The paper discussed most in the news over the past week was "The AI Arena: A Framework for Distributed Multi-Agent Reinforcement Learning" by Edward W. Staley et al (Mar 2021), which was referenced 1 time, including in the article Weekly review of Reinforcement Learning papers #1 in Medium.com. The paper got social media traction with 9 shares. A user, @gastronomy, tweeted "> Advances in reinforcement learning (RL) have resulted in recent breakthroughs in the application of artificial intelligence (AI) acros".
Over the past week, 20 new papers were published in "Computer Science - Neural and Evolutionary Computing".
The paper discussed most in the news over the past week was "Combinatorial optimization and reasoning with graph neural networks" by Quentin Cappart et al (Feb 2021), which was referenced 1 time, including in the article Distribution-Free Graph Kernels and Spatial Graph Neural Networks in Medium.com. The paper got social media traction with 126 shares. On Twitter, @y0b1byte commented "Section 3.3 is 🔥🔥🔥. And the whole paper is amazing. I was that excited when I read the original GN paper which sparkled my interest in GNNs", while @rcsaxe observed "Idk how many times I’m going to read this, or how long it’s going to take, but at a first glance it looks like an unparalleled resource on GNNs. Really excited to dig into it!".

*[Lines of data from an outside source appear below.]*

lemma dense_rational_ball_separation:
  fixes x y :: "'a::metric_space"
  assumes dense: "closure D = UNIV"
    and C: "0 \<le> C" and gap: "C * dist x y < s - t"
  obtains z r z' r' a b where "z \<in> D" "r \<in> \<rat>" "z' \<in> D" "r' \<in> \<rat>" "a \<in> \<rat>" "b \<in> \<rat>"
    "dist z x < r" "dist z' y < r'" "t < a" "b < s" "C * (dist z z' + r + r') < b - a"
proof -
  define \<delta> where "\<delta> = s - t - C * dist x y"
  define \<epsilon> where "\<epsilon> = \<delta> / (8 * (C + 1))"
  have "0 < \<delta>" "0 < \<epsilon>" using gap C by (simp_all add: \<delta>_def \<epsilon>_def)
  obtain a where a: "a \<in> \<rat>" "t < a" "a < t + \<delta> / 4"
    using Rats_dense_in_real[of t "t + \<delta> / 4"] \<open>0 < \<delta>\<close> by auto
  obtain b where b: "b \<in> \<rat>" "s - \<delta> / 4 < b" "b < s"
    using Rats_dense_in_real[of "s - \<delta> / 4" s] \<open>0 < \<delta>\<close> by auto
  obtain z where z: "z \<in> D" "dist x z < \<epsilon>"
    using dense \<open>0 < \<epsilon>\<close> closure_approachable[of x D] by (auto simp: dist_commute)
  obtain r where r: "r \<in> \<rat>" "dist x z < r" "r < \<epsilon>" using Rats_dense_in_real z(2) by blast
  obtain z' where z': "z' \<in> D" "dist y z' < \<epsilon>"
    using dense \<open>0 < \<epsilon>\<close> closure_approachable[of y D] by (auto simp: dist_commute)
  obtain r' where r': "r' \<in> \<rat>" "dist y z' < r'" "r' < \<epsilon>" using Rats_dense_in_real z'(2) by blast
  have "dist z z' \<le> dist x z + dist x y + dist y z'"
    using dist_triangle[of z z' x] dist_triangle[of x z' y] by (simp add: dist_commute)
  then have "C * (dist z z' + r + r') \<le> C * (dist x y + 4 * \<epsilon>)"
    using z r z' r' C by (intro mult_left_mono) auto
  also have "\<dots> \<le> C * dist x y + \<delta> / 2"
    using C \<open>0 < \<delta>\<close> by (simp add: \<epsilon>_def field_simps)
  also have "\<dots> < b - a" using a b \<delta>_def by linarith
  finally show ?thesis using that z z' r r' a b by (simp add: dist_commute)
qed

lemma lipschitz_pairs_separated_balls_null:
  assumes pair: "lipschitz_pairs N C u" and C: "0 \<le> C"
    and space: "space N = UNIV" and balls: "\<And>x r. ball x r \<in> sets N"
    and u: "u \<in> borel_measurable N"
    and gap: "C * (dist z z' + r + r') < b - a"
  shows "{x. b < u x} \<inter> ball z r \<in> null_sets N \<or> {y. u y < a} \<inter> ball z' r' \<in> null_sets N"
proof (rule lipschitz_pairs_null_or_null[OF pair])
  have "{x\<in>space N. b < u x} \<in> sets N" "{y\<in>space N. u y < a} \<in> sets N"
    using u by measurable
  then show "{x. b < u x} \<inter> ball z r \<in> sets N" "{y. u y < a} \<inter> ball z' r' \<in> sets N"
    using balls by (auto simp: space)
  show "C * dist x y < \<bar>u x - u y\<bar>" if "x \<in> {x. b < u x} \<inter> ball z r" "y \<in> {y. u y < a} \<inter> ball z' r'"
    for x y
  proof -
    have "C * dist x y \<le> C * (dist z z' + r + r')"
      using that dist_triangle[of x y z] dist_triangle[of z y z'] C
      by (intro mult_left_mono) (auto simp: dist_commute)
    also have "\<dots> < b - a" by (rule gap)
    also have "\<dots> \<le> \<bar>u x - u y\<bar>" using that by auto
    finally show ?thesis .
  qed
qed

lemma lipschitz_on_outside_null_set:
  fixes u :: "'a::metric_space \<Rightarrow> real" and N :: "'a measure" and D :: "'a set"
  assumes D: "countable D" "closure D = UNIV"
    and C: "0 \<le> C"
    and space: "space N = UNIV" and balls: "\<And>x r. ball x r \<in> sets N"
    and u: "u \<in> borel_measurable N"
    and pair: "lipschitz_pairs N C u"
  obtains Z where "Z \<in> null_sets N" "C-lipschitz_on (- Z) u"
proof -
  define T where "T = {(z, r, z', r', a, b). z \<in> D \<and> r \<in> \<rat> \<and> z' \<in> D \<and> r' \<in> \<rat> \<and> a \<in> \<rat> \<and> b \<in> \<rat> \<and>
    C * (dist z z' + r + r') < b - a}"
  define E :: "'a \<times> real \<times> 'a \<times> real \<times> real \<times> real \<Rightarrow> 'a set"
    where "E = (\<lambda>(z, r, z', r', a, b). {x. b < u x} \<inter> ball z r)"
  define F :: "'a \<times> real \<times> 'a \<times> real \<times> real \<times> real \<Rightarrow> 'a set"
    where "F = (\<lambda>(z, r, z', r', a, b). {y. u y < a} \<inter> ball z' r')"
  define Z where "Z = (\<Union>t\<in>T. if E t \<in> null_sets N then E t else F t)"
  have "countable T"
  proof (rule countable_subset)
    show "T \<subseteq> D \<times> \<rat> \<times> D \<times> \<rat> \<times> \<rat> \<times> \<rat>" by (auto simp: T_def)
  qed (intro countable_SIGMA D(1) countable_rat)
  have one_null: "E t \<in> null_sets N \<or> F t \<in> null_sets N" if "t \<in> T" for t
  proof -
    obtain z r z' r' a b where t: "t = (z, r, z', r', a, b)" by (cases t)
    have "C * (dist z z' + r + r') < b - a" using that by (simp add: t T_def)
    then show ?thesis
      unfolding t E_def F_def prod.case
      by (rule lipschitz_pairs_separated_balls_null[OF pair C space balls u])
  qed
  have "Z \<in> null_sets N"
    unfolding Z_def
  proof (rule null_sets_UN'[OF \<open>countable T\<close>])
    fix t assume "t \<in> T"
    then show "(if E t \<in> null_sets N then E t else F t) \<in> null_sets N" using one_null[of t] by auto
  qed
  moreover have le: "u x - u y \<le> C * dist x y" if "x \<notin> Z" "y \<notin> Z" for x y
  proof (rule ccontr)
    assume "\<not> u x - u y \<le> C * dist x y"
    then have "C * dist x y < u x - u y" by simp
    then obtain z r z' r' a b where "z \<in> D" "r \<in> \<rat>" "z' \<in> D" "r' \<in> \<rat>" "a \<in> \<rat>" "b \<in> \<rat>"
      "dist z x < r" "dist z' y < r'" "u y < a" "b < u x" "C * (dist z z' + r + r') < b - a"
      using dense_rational_ball_separation[OF D(2) C, of x y "u x" "u y"] by blast
    then have "(z, r, z', r', a, b) \<in> T" "x \<in> E (z, r, z', r', a, b)" "y \<in> F (z, r, z', r', a, b)"
      by (auto simp: T_def E_def F_def)
    then show False using that unfolding Z_def by (auto split: if_splits)
  qed
  have "C-lipschitz_on (- Z) u"
  proof (rule lipschitz_onI[OF _ C])
    show "dist (u x) (u y) \<le> C * dist x y" if "x \<in> - Z" "y \<in> - Z" for x y
      using le[of x y] le[of y x] that by (simp add: dist_real_def dist_commute abs_le_iff)
  qed
  ultimately show ?thesis using that by blast
qed

lemma lipschitz_pairs_imp_lipschitz_representative:
  fixes u :: "'a::metric_space \<Rightarrow> real" and N :: "'a measure" and D :: "'a set"
  assumes D: "countable D" "closure D = UNIV"
    and C: "0 \<le> C"
    and space: "space N = UNIV" and balls: "\<And>x r. ball x r \<in> sets N"
    and u: "u \<in> borel_measurable N"
    and pair: "lipschitz_pairs N C u"
    and nontrivial: "UNIV \<notin> null_sets N"
  obtains v where "C-lipschitz_on UNIV v" "AE x in N. u x = v x"
proof -
  obtain Z where Z: "Z \<in> null_sets N" "C-lipschitz_on (- Z) u"
    by (rule lipschitz_on_outside_null_set[OF D C space balls u pair]) (rule that)
  have "- Z \<noteq> {}" using Z(1) nontrivial by (metis Compl_empty_eq double_complement)
  obtain v where v: "C-lipschitz_on UNIV v" "\<And>x. x \<in> - Z \<Longrightarrow> v x = u x"
    by (rule McShane_lipschitz_extension[OF Z(2) \<open>- Z \<noteq> {}\<close>]) (rule that)
  have "AE x in N. u x = v x" using AE_not_in[OF Z(1)] by eventually_elim (simp add: v(2))
  with v(1) show ?thesis by (rule that)
qed

theorem proposition3p2:
  fixes M :: "'a::metric_space measure" and p C :: real and u :: "'a \<Rightarrow> real"
  assumes "1 \<le> p"
    and "mm_space M"
    and "infinitesimally_doubling M"
    and "thick_quasiconvex M p C"
    and "u \<in> Newtonian M p"
    and "\<exists>g. minimal_weak_upper_gradient M p u g \<and> (AE x in M. g x \<le> 1)"
  shows "\<exists>v. C-lipschitz_on UNIV v \<and> (AE x in M. u x = v x)"
proof -
  obtain g where wug: "weak_upper_gradient M p u g" and g: "AE x in M. g x \<le> 1"
    using assms(6) unfolding minimal_weak_upper_gradient_def by blast
  have sets: "sets M = sets borel" and cball: "\<And>x r. compact (cball (x::'a) r)"
    and balls: "\<And>x r. 0 < r \<Longrightarrow> 0 < emeasure M (ball x r)"
    using assms(2) unfolding mm_space_def by auto
  have "0 \<le> C" using assms(4) by (simp add: thick_quasiconvex_def)
  obtain D :: "'a set" where D: "countable D" "closure D = UNIV"
    by (rule countable_dense_if_cball_compact[OF cball]) (rule that)
  have "space (completion M) = UNIV" "\<And>x r. ball x r \<in> sets (completion M)"
    using sets_eq_imp_space_eq[OF sets] sets by auto
  moreover have "u \<in> borel_measurable (completion M)" using assms(5) by (simp add: Newtonian_def)
  moreover have "UNIV \<notin> null_sets (completion M)"
    using balls[of 1 undefined] null_sets_completion_subset[of "ball undefined 1" UNIV M] sets
    by (auto simp: null_sets_completion_iff null_sets_def)
  ultimately obtain v where "C-lipschitz_on UNIV v" "AE x in completion M. u x = v x"
    using lipschitz_pairs_imp_lipschitz_representative[OF D \<open>0 \<le> C\<close>]
      thick_quasiconvex_lipschitz_pairs[OF assms(4) wug g] by blast
  then show ?thesis by (auto simp: AE_completion_iff)
qed

end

This week was extremely active for "Computer Science - Robotics", with 137 new papers.
The paper discussed most in the news over the past week was by a team at DeepMind: "Manipulator-Independent Representations for Visual Imitation" by Yuxiang Zhou et al (Mar 2021), which was referenced 2 times, including in the article DeepMind Proposes Manipulation-Independent Representations for Imitation of Behaviours Demonstrated by Previously Unseen Manipulator Morphologies in SyncedReview.com. The paper got social media traction with 6 shares. The investigators explore the possibility of third - person visual imitation of manipulation trajectories, only from vision and without access to actions, demonstrated by embodiments different to the ones of their imitating agent.
Leading researcher Ruslan Salakhutdinov (Carnegie Mellon University) came out with "Replacing Rewards with Examples: Example-Based Policy Search via Recursive Classification" @neuroecology tweeted "Learning directly from examples (RL without reward) "In contrast to standard RL, which uses reward functions, we aim to learn a policy that reaches states that are likely to solve the task"".